#### ASSIGNMENT:
Copy each line of the records that contains the word "rule".

(Stored data entries)

○ ○ ○ ○

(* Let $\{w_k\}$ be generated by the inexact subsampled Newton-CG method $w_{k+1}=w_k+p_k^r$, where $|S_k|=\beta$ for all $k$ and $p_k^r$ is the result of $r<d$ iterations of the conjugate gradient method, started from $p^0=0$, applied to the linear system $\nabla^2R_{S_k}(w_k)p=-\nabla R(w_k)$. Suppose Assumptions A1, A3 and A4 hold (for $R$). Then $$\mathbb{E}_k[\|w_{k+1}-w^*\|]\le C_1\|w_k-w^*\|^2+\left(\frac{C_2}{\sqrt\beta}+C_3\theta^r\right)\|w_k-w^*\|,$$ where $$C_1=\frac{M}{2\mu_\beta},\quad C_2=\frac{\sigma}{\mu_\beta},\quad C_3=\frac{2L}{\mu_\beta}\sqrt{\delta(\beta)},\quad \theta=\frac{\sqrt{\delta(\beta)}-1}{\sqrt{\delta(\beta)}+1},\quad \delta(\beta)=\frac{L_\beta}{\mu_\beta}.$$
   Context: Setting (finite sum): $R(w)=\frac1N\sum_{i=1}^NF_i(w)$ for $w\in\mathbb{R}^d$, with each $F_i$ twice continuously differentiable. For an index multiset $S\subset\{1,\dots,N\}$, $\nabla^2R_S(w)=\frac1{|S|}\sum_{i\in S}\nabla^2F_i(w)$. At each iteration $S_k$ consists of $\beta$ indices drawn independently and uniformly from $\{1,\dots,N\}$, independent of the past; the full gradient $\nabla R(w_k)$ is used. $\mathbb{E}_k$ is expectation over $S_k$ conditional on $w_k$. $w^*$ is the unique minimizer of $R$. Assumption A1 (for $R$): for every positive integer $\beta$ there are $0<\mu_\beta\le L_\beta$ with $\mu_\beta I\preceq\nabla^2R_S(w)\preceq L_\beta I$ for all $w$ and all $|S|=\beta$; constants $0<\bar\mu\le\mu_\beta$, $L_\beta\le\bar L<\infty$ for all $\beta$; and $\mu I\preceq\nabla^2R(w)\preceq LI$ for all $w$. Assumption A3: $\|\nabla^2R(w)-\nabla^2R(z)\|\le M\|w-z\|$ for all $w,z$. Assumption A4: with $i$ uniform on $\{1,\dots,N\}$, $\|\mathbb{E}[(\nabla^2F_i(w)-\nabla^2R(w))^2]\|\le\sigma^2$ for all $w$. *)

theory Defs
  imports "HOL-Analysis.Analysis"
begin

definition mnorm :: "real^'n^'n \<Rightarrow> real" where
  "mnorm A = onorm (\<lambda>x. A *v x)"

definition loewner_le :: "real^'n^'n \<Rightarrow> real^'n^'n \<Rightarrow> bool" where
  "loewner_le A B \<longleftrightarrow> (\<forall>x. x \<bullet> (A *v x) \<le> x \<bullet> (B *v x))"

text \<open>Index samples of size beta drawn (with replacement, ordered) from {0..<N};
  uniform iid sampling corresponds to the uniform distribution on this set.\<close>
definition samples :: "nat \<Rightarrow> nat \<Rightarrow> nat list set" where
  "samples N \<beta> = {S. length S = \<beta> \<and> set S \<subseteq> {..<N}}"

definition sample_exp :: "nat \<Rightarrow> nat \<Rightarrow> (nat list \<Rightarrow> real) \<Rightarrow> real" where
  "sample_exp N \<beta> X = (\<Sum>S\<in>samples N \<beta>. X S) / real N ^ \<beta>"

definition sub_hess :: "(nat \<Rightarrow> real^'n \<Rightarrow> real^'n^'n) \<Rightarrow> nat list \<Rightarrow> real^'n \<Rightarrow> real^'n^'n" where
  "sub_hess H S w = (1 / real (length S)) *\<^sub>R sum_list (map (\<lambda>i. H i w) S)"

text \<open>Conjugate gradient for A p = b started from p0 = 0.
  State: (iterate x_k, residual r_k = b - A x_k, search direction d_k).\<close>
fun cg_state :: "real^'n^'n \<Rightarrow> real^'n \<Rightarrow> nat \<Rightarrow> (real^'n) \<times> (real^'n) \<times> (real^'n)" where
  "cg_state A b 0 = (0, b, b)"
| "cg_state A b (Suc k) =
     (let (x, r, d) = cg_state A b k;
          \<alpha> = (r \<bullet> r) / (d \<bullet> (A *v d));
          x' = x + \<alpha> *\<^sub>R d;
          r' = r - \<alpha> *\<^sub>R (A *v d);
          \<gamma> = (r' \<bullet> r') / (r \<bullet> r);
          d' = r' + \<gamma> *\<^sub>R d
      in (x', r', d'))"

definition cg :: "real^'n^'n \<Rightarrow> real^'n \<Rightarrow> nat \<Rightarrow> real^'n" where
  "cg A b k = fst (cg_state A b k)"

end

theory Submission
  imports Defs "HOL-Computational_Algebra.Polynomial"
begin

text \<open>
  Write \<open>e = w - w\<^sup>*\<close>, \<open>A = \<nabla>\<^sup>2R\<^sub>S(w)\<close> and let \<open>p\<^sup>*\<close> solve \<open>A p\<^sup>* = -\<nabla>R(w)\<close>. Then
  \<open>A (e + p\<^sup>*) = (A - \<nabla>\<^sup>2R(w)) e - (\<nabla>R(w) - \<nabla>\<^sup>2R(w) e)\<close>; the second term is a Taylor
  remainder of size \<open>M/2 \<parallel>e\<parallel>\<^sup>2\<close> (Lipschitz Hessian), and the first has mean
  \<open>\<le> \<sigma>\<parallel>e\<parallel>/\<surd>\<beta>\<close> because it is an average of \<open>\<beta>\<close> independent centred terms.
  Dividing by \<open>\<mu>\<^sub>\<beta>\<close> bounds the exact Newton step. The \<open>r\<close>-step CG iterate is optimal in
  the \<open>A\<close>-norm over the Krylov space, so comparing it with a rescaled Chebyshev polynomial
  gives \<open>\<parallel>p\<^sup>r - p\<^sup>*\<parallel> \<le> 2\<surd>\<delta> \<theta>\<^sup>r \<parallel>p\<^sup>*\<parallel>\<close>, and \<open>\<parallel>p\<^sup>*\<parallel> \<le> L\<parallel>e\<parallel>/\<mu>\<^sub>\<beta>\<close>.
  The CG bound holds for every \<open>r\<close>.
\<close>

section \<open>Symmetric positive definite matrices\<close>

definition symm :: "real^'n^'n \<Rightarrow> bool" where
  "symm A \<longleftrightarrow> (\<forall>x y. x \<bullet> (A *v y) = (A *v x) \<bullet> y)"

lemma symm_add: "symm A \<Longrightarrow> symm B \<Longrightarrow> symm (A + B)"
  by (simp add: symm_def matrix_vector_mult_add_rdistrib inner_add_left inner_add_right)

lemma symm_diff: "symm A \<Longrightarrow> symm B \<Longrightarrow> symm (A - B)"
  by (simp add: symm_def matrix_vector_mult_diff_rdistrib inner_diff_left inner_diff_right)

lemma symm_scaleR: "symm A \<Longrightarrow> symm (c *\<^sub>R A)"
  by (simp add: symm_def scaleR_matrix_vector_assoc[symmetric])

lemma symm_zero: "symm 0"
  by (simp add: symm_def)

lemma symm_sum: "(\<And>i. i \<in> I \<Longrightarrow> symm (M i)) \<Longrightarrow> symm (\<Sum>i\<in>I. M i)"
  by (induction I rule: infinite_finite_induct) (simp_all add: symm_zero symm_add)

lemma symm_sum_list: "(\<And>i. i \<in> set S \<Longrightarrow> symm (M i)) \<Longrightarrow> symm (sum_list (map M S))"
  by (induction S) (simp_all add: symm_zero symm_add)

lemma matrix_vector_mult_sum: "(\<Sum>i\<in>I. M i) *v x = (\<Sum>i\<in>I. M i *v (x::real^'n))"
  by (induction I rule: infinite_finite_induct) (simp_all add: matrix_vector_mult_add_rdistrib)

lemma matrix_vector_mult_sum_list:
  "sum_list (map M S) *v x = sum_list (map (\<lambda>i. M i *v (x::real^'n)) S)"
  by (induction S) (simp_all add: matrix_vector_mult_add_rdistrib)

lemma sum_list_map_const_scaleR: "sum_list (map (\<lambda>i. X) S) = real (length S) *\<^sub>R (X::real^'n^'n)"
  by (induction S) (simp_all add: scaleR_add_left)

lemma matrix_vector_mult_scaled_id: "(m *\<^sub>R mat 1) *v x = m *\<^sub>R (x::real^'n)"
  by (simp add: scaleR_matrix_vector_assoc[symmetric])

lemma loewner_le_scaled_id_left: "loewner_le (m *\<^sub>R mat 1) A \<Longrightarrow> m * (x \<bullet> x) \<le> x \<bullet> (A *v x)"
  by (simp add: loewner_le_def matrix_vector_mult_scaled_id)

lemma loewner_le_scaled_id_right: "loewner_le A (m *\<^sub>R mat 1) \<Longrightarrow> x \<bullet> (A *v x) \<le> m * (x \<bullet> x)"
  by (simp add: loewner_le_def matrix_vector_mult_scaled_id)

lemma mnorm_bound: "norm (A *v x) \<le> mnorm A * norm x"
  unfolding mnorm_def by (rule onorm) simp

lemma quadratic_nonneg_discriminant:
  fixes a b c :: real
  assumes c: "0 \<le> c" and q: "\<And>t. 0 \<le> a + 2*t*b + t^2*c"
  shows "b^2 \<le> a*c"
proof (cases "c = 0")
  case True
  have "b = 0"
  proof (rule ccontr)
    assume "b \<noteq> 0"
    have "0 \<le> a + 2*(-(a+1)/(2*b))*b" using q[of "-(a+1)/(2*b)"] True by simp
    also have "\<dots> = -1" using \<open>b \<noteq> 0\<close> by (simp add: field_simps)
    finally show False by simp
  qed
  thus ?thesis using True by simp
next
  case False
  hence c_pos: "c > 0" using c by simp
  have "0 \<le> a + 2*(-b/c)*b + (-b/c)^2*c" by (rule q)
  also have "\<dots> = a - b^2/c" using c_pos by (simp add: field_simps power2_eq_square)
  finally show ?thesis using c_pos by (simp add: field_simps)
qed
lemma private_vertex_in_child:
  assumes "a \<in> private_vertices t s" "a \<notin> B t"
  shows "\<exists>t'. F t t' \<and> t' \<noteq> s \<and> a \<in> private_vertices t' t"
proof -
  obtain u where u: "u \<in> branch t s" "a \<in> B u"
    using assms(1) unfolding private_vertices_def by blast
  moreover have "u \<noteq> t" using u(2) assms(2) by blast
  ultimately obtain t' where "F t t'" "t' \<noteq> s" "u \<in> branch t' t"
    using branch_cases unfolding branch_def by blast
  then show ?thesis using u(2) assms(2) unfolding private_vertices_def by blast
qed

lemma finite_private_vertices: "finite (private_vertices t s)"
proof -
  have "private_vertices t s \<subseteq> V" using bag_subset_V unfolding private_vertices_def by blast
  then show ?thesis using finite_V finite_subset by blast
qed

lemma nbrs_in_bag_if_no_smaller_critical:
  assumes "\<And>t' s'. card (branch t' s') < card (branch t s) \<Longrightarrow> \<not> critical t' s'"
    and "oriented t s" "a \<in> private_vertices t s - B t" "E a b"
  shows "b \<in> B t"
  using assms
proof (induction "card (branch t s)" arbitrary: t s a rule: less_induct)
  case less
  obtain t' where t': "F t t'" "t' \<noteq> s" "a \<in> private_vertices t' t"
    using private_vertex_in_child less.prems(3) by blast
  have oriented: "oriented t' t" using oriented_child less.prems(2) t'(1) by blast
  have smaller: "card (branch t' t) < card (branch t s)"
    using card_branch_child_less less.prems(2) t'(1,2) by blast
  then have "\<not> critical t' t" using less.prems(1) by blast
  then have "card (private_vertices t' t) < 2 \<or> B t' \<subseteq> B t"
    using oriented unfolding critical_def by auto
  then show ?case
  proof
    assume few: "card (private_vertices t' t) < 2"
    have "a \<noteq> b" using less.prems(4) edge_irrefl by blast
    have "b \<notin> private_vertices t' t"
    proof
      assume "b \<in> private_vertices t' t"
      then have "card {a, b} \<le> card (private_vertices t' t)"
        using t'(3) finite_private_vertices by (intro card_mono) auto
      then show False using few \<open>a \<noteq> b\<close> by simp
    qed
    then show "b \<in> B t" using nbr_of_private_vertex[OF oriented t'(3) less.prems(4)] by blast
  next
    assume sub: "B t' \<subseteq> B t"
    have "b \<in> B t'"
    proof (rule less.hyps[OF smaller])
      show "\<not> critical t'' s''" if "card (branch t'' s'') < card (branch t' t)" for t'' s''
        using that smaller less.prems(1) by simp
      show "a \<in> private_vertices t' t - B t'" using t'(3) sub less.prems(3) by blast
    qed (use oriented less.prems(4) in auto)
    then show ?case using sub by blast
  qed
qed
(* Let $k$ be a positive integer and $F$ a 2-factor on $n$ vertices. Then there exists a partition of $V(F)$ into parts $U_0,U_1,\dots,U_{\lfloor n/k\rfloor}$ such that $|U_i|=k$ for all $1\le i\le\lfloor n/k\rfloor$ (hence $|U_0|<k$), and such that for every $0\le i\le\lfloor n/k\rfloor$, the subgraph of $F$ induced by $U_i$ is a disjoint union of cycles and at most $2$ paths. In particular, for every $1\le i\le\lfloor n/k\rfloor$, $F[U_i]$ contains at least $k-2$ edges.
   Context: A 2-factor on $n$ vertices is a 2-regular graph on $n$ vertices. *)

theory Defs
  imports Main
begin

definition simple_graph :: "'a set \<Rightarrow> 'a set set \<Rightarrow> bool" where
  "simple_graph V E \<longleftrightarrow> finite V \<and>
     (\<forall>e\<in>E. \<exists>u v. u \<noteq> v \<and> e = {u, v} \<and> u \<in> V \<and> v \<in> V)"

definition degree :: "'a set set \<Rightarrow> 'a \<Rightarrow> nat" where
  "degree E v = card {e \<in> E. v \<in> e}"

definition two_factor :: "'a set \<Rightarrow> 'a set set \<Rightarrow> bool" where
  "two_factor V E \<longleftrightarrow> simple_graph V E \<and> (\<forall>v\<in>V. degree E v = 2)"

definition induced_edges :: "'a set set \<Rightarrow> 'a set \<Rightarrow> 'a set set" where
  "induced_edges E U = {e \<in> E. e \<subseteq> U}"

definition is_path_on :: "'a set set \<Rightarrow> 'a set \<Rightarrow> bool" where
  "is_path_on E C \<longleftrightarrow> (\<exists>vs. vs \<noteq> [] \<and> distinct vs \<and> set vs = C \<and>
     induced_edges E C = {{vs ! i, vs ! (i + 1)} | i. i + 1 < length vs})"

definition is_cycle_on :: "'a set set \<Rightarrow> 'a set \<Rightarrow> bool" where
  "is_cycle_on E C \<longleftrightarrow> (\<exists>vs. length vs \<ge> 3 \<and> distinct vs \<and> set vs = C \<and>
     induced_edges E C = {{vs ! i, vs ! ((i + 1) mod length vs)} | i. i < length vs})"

○ ○ ○ ○

#### RESPONSE AREA:
  by (induction I rule: infinite_finite_induct) (simp_all add: symm_zero symm_add)
  by (induction I rule: infinite_finite_induct) (simp_all add: matrix_vector_mult_add_rdistrib)
  unfolding mnorm_def by (rule onorm) simp
  proof (rule ccontr)
  have "0 \<le> a + 2*(-b/c)*b + (-b/c)^2*c" by (rule q)
proof (induction "card (branch t s)" arbitrary: t s a rule: less_induct)
    proof (rule less.hyps[OF smaller])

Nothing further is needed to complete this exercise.